What is needed:
Return only the line containing "using power_le_prod_entropy_weight[OF assms(2,3), of" and each line after it, exactly as written, through the end of the records.

[Dataset records]
■ ■ ■
theorem corollary3p4:
  fixes C :: "('a::{finite,field}) list set" and n d :: nat and \<delta> :: real
  assumes "balanced_code n d C"
    and "0 \<le> \<delta>" and "\<delta> \<le> 1 - 1 / real CARD('a)"
  shows "real (card {x\<in>C. relative_weight x \<le> \<delta>})
           \<le> real CARD('a) powr (real d * qentropy (real CARD('a)) \<delta>)"
proof -
  define q where "q = real CARD('a)"
  define \<beta> where "\<beta> = q powr (- qentropy q \<delta>)"
  have "q \<ge> 2"
    unfolding q_def using card_ge_2_zero_neq_one[where 'a='a] by simp
  have "\<delta> \<le> 1"
    using assms(3) \<open>q \<ge> 2\<close> unfolding q_def[symmetric] by (smt (verit) divide_pos_pos)
  have "\<beta> ^ n \<le> (\<Prod>i<n. entropy_weight \<delta> (x!i))" if "x \<in> {x\<in>C. relative_weight x \<le> \<delta>}" for x
  proof -
    have "length x = n"
      using assms(1) that unfolding balanced_code_def by blast
    then show ?thesis
      using power_le_prod_entropy_weight[OF assms(2,3), of x] that unfolding \<beta>_def q_def by simp
  qed
  then have "real (card {x\<in>C. relative_weight x \<le> \<delta>}) * \<beta> ^ d \<le> 1"
    using assms(2) \<open>\<delta> \<le> 1\<close> \<open>q \<ge> 2\<close> unfolding \<beta>_def
    by (intro balanced_code_card_mul_power_le[OF assms(1), where g = "entropy_weight \<delta>"]
        entropy_weight_nonneg sum_entropy_weight) auto
  moreover have "\<beta> ^ d = inverse (q powr (real d * qentropy q \<delta>))"
    unfolding \<beta>_def using \<open>q \<ge> 2\<close> by (simp add: powr_neg_power)
  ultimately show ?thesis
    using \<open>q \<ge> 2\<close> unfolding q_def by (simp add: field_simps)
qed

end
■ ■ ■
Worked solution:
      using power_le_prod_entropy_weight[OF assms(2,3), of x] that unfolding \<beta>_def q_def by simp
  qed
  then have "real (card {x\<in>C. relative_weight x \<le> \<delta>}) * \<beta> ^ d \<le> 1"
    using assms(2) \<open>\<delta> \<le> 1\<close> \<open>q \<ge> 2\<close> unfolding \<beta>_def
    by (intro balanced_code_card_mul_power_le[OF assms(1), where g = "entropy_weight \<delta>"]
        entropy_weight_nonneg sum_entropy_weight) auto
  moreover have "\<beta> ^ d = inverse (q powr (real d * qentropy q \<delta>))"
    unfolding \<beta>_def using \<open>q \<ge> 2\<close> by (simp add: powr_neg_power)
  ultimately show ?thesis
    using \<open>q \<ge> 2\<close> unfolding q_def by (simp add: field_simps)
qed

end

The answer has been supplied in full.